Photos de Jérome Delatour- Images de Danse avec son aimable autorisation, sauf photo de la performance culinaire (DR) avec l'aimable autorisation de Kataline Patkaï
Merci à Kataline Patkaï pour son accueil lors de nos premieres discussions.
Lire: Images de danse
vendredi, 22 mai 2009 | Lien permanent | Commentaires (4)
Peut être Maxence Rey
Il y a ce que les chorégraphes écrivent, et ce qu'ils dansent, et ce que l'on voit, et ce que l'on pense. Et entre, des espaces délicieusement flous.... Avant de voir Maxence Rey danser son solo, je lis la présentation de la pièce - ce qu'on appelle les intentions- mais vite j'oublie tout, tant la piece s'impose, s'interpose.
D'abord la présence de l'interprête- c'est un fait: on oublie pas Maxence- en longueurs et étrangeté, l'attraction du visage, des yeux. Tous les mouvements partent de ces yeux. La théatralité nait en cet endroit, sans vains bavardage. Rien n'est prononcé à voix haute (et c'est heureux), mais dans le texte- quand même je m'en souviens- il était question de vulnérabilté. Je m'en souviens, car si je ne l'avais pas lu je l'aurais sans doute de moi même formulé: le personnage se débat de quelque chose, femme muette et sidérée. L'interêt, c'est que cette lutte se laisse tout juste deviner, sans l'applatissement de l'évidence, pourtant l'action confinée dans l'espace de cette chaise, ses stricts alentours. Dans cet espace contraint: des éclats de paniques, des éclosions empéchées, des gestes échappés, des impressions renversées, bouleversées. Ce qui ne revient à ne rien dire sans évoquer la manière dont celà s'incarne: l'interprête semble éminemment extensible, élastique à tâtons, noire gainée, danse tout en lignes, se transforme, lance des ombres, en surprises et lenteur ménage des accélérations. Entre jambes et bras qui n'en finissent pas de s'allonger, le corps disparaît, les sensations fusent et s'évadent, et bizarrement c'est drôle, souvent. C'est du moins tout ce que je vois, mis à l'aise pour voir à un point que les interruptions et transitions encore à régler-il s'agit d'un filage- ne me troublent pas. J'en déduis que la composition est aboutie et concise (pas si évident pour un premier solo), bien équilibrée avec lumière et musique. Mais il y a aussi le costume et ce chapeau trés étrange. Les accessoires s'imposent pour déterminer une temporalité...ambiguë. Ici c'est le concret qui crée l'inexpliqué, conjugué à la force d'évocation du corps, nous renvoie à réver à des multiples et possibles références auxquelles le texte ne nous a pas préparé.

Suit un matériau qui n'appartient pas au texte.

(* For $(\sigma,u)\in\mathbb R\times\mathbb R^3$ let $R=R(\sigma,u)=2(uu^\top-\sigma[u]_\times)+(\sigma^2-\|u\|^2)I$. For vectors $q_s',q_s''\in\mathbb R^3$, $s\in\{i,j,k\}$, define: - $G_{ijk}$: the $3\times 3$ matrix with rows $(Rq_i'\times q_i'')^\top$, $(Rq_j'\times q_j'')^\top$, $(Rq_k'\times q_k'')^\top$; - for $l\in\{j,k\}$, the $1\times 2$ row $F_{il}=\big[\,q_l''^\top R[q_i']_\times q_l',\ \ -q_l''^\top [q_i'']_\times R\, q_l'\,\big]$, and $F_{ijk}=\begin{bmatrix}F_{ij}\\ F_{ik}\end{bmatrix}$ (a $2\times2$ matrix). Then, as an identity in $(\sigma,u)$ (up to a global sign), $$\det G_{ijk}=\pm(\|u\|^2+\sigma^2)\,\det F_{ijk}.$$ In particular, setting $\sigma=1$ and $u=v$, the same identity holds with the factor $\|v\|^2+1$.
   Context: $[a]_\times$ is the skew-symmetric matrix with $[a]_\times b=a\times b$. When $\|u\|^2+\sigma^2=1$, $R(\sigma,u)$ is the rotation matrix of the unit quaternion $[\sigma\ u^\top]$; in general $R(\sigma,u)$ equals $(\sigma^2+\|u\|^2)$ times a rotation matrix. $F_{il}$ arises by substituting $t'=\lambda_i q_i'$, $t''=\mu_i q_i''$ into the epipolar constraint $q_l''^\top(R[t']_\times-[t'']_\times R)q_l'=0$, giving $F_{il}[\lambda_i\ \mu_i]^\top=0$. *)

theory Defs
  imports "HOL-Analysis.Analysis" "HOL-Analysis.Cross3"
begin

definition skew :: "real^3 \<Rightarrow> real^3^3" where
  "skew a = vector [vector [0, - a$3, a$2], vector [a$3, 0, - a$1], vector [- a$2, a$1, 0]]"

definition outer :: "real^3 \<Rightarrow> real^3 \<Rightarrow> real^3^3" where
  "outer a b = (\<chi> i j. a$i * b$j)"

definition Rot :: "real \<Rightarrow> real^3 \<Rightarrow> real^3^3" where
  "Rot \<sigma> u = 2 *\<^sub>R (outer u u - \<sigma> *\<^sub>R skew u) + (\<sigma>\<^sup>2 - (norm u)\<^sup>2) *\<^sub>R mat 1"

definition Gmat :: "real \<Rightarrow> real^3 \<Rightarrow> real^3 \<Rightarrow> real^3 \<Rightarrow> real^3 \<Rightarrow> real^3 \<Rightarrow> real^3 \<Rightarrow> real^3 \<Rightarrow> real^3^3" where
  "Gmat \<sigma> u qi' qi'' qj' qj'' qk' qk'' =
     vector [cross3 (Rot \<sigma> u *v qi') qi'', cross3 (Rot \<sigma> u *v qj') qj'', cross3 (Rot \<sigma> u *v qk') qk'']"

definition Frow :: "real \<Rightarrow> real^3 \<Rightarrow> real^3 \<Rightarrow> real^3 \<Rightarrow> real^3 \<Rightarrow> real^3 \<Rightarrow> real^2" where
  "Frow \<sigma> u qi' qi'' ql' ql'' =
     vector [ql'' \<bullet> ((Rot \<sigma> u ** skew qi') *v ql'), - (ql'' \<bullet> ((skew qi'' ** Rot \<sigma> u) *v ql'))]"

definition Fmat :: "real \<Rightarrow> real^3 \<Rightarrow> real^3 \<Rightarrow> real^3 \<Rightarrow> real^3 \<Rightarrow> real^3 \<Rightarrow> real^3 \<Rightarrow> real^3 \<Rightarrow> real^2^2" where
  "Fmat \<sigma> u qi' qi'' qj' qj'' qk' qk'' =
     vector [Frow \<sigma> u qi' qi'' qj' qj'', Frow \<sigma> u qi' qi'' qk' qk'']"

end

theory Submission
  imports Defs
begin

text \<open>\<open>R(\<sigma>,u)\<close> is \<open>\<rho> = \<parallel>u\<parallel>\<^sup>2 + \<sigma>\<^sup>2\<close> times a rotation, so \<open>R x \<times> R y = \<rho> R (x \<times> y)\<close>.
  Hence \<open>\<rho>\<close> times the first entry of \<open>F\<^sub>i\<^sub>l\<close> is the triple product \<open>q\<^sub>l''\<bullet>(Rq\<^sub>i' \<times> Rq\<^sub>l')\<close>,
  and the second entry is \<open>-q\<^sub>l''\<bullet>(q\<^sub>i'' \<times> Rq\<^sub>l')\<close>. On the other side, the determinant of
  three cross products \<open>a \<times> b, c \<times> d, e \<times> f\<close> expands (Lagrange identity) into exactly
  such triple products, which gives \<open>det G = -\<rho> det F\<close>.\<close>

lemma skew_mult_vec: "skew a *v b = cross3 a b"
  by (simp add: skew_def vec_eq_iff forall_3 matrix_vector_mult_def sum_3 cross3_simps algebra_simps)

lemma norm_vec3_squared: "(norm (u::real^3))\<^sup>2 = u$1*u$1 + u$2*u$2 + u$3*u$3"
  by (simp add: power2_norm_eq_inner inner_vec_def sum_3)

lemma Rot_mult_vec: "Rot \<sigma> u *v x = vector [
  (\<sigma>*\<sigma>+u$1*u$1-u$2*u$2-u$3*u$3)*x$1 + 2*(u$1*u$2+\<sigma>*u$3)*x$2 + 2*(u$1*u$3-\<sigma>*u$2)*x$3,
  2*(u$2*u$1-\<sigma>*u$3)*x$1 + (\<sigma>*\<sigma>-u$1*u$1+u$2*u$2-u$3*u$3)*x$2 + 2*(u$2*u$3+\<sigma>*u$1)*x$3,
  2*(u$3*u$1+\<sigma>*u$2)*x$1 + 2*(u$3*u$2-\<sigma>*u$1)*x$2 + (\<sigma>*\<sigma>-u$1*u$1-u$2*u$2+u$3*u$3)*x$3]"
  unfolding vec_eq_iff forall_3 Rot_def norm_vec3_squared
  by (simp add: outer_def skew_def matrix_vector_mult_def sum_3 mat_def power2_eq_square algebra_simps)

lemma cross3_Rot:
  "cross3 (Rot \<sigma> u *v x) (Rot \<sigma> u *v y) = ((norm u)\<^sup>2 + \<sigma>\<^sup>2) *\<^sub>R (Rot \<sigma> u *v cross3 x y)"
  unfolding Rot_mult_vec vec_eq_iff forall_3 norm_vec3_squared
  by (simp add: cross3_simps; algebra)

lemma det_cross3_rows:
  fixes a b c d e f :: "real^3"
  shows "det (vector [cross3 a b, cross3 c d, cross3 e f] :: real^3^3) =
    (d \<bullet> cross3 a c) * (f \<bullet> cross3 b e) - (d \<bullet> cross3 b c) * (f \<bullet> cross3 a e)"
  by (simp add: det_3 cross3_simps inner_vec_def sum_3; algebra)

lemma Frow_first_scaled:
  "((norm u)\<^sup>2 + \<sigma>\<^sup>2) * (Frow \<sigma> u qi' qi'' ql' ql'' $ 1) =
     ql'' \<bullet> cross3 (Rot \<sigma> u *v qi') (Rot \<sigma> u *v ql')"
  by (simp add: Frow_def cross3_Rot matrix_vector_mul_assoc[symmetric] skew_mult_vec)

lemma Frow_second:
  "Frow \<sigma> u qi' qi'' ql' ql'' $ 2 = - (ql'' \<bullet> cross3 qi'' (Rot \<sigma> u *v ql'))"
  by (simp add: Frow_def matrix_vector_mul_assoc[symmetric] skew_mult_vec)

lemma det_Gmat_eq_det_Fmat:
  "det (Gmat \<sigma> u qi' qi'' qj' qj'' qk' qk'') =
     - ((norm u)\<^sup>2 + \<sigma>\<^sup>2) * det (Fmat \<sigma> u qi' qi'' qj' qj'' qk' qk'')"
proof -
  let ?\<rho> = "(norm u)\<^sup>2 + \<sigma>\<^sup>2"
  let ?Fj = "Frow \<sigma> u qi' qi'' qj' qj''" and ?Fk = "Frow \<sigma> u qi' qi'' qk' qk''"
  have "det (Gmat \<sigma> u qi' qi'' qj' qj'' qk' qk'') =
          (?\<rho> * ?Fj$1) * (- ?Fk$2) - (- ?Fj$2) * (?\<rho> * ?Fk$1)"
    unfolding Gmat_def det_cross3_rows Frow_first_scaled Frow_second by simp
  also have "\<dots> = - ?\<rho> * det (Fmat \<sigma> u qi' qi'' qj' qj'' qk' qk'')"
    by (simp add: Fmat_def det_2 algebra_simps)
  finally show ?thesis .
qed

theorem theorem3:
  shows "\<exists>c \<in> {1, -1::real}.
    (\<forall>\<sigma> u qi' qi'' qj' qj'' qk' qk''.
       det (Gmat \<sigma> u qi' qi'' qj' qj'' qk' qk'') =
       c * ((norm u)\<^sup>2 + \<sigma>\<^sup>2) * det (Fmat \<sigma> u qi' qi'' qj' qj'' qk' qk'')) \<and>
    (\<forall>v qi' qi'' qj' qj'' qk' qk''.
       det (Gmat 1 v qi' qi'' qj' qj'' qk' qk'') =
       c * ((norm v)\<^sup>2 + 1) * det (Fmat 1 v qi' qi'' qj' qj'' qk' qk''))"
proof (rule bexI[where x = "-1"])
  show "-1 \<in> {1, -1::real}" by simp
qed (simp add: det_Gmat_eq_det_Fmat)

end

J'ai la chance de pouvoir discuter avec Maxence et ses invités autour d'un verre et de crocodiles en gélatine. Comme je peux lui dire que j'ai aimé ce que j'ai vu, la discussion est agréable. Pour autant, ce dont Maxence parle ne ressemble pas tout à fait au spectacle auquel j'ai pensé assister. Jérome, en bon classique, a reconnu des dieux et déesses antiques, aussi et malgré cela des images d'élégantes des années 20. Moi-même, j'évoque des références à l'esthétique publicitaire de la fin du XX°. Mais ce que l'auteur redit de son solo: des expressions sous-jacentes d'angoisses, de morts et de décomposition... je me trouve plus à l'aise pour qualifier ainsi son travail d'interprète dans les pieces d'Isabelle Esposito, qui d'ailleurs est présente durant cette discussion! Tout est pour le mieux: la piéce commence à vivre et échapper à tout le monde (à la créatrice en premier). Je reverrai, bientôt, Les Bois de L'Ombre, pour surement y revoir du nouveau.
C'était une étape de travail des Bois de l'Ombre, de et par Maxence Rey, avec Cyril Leclerc (lumière) et Vincent Brédif (création sonore), en résidence à Mains d'Oeuvres. La piéce sera présentée aux professionnels le 25 septembre, dans le cadre des plateaux de la Biennale de Danse du Val de Marne.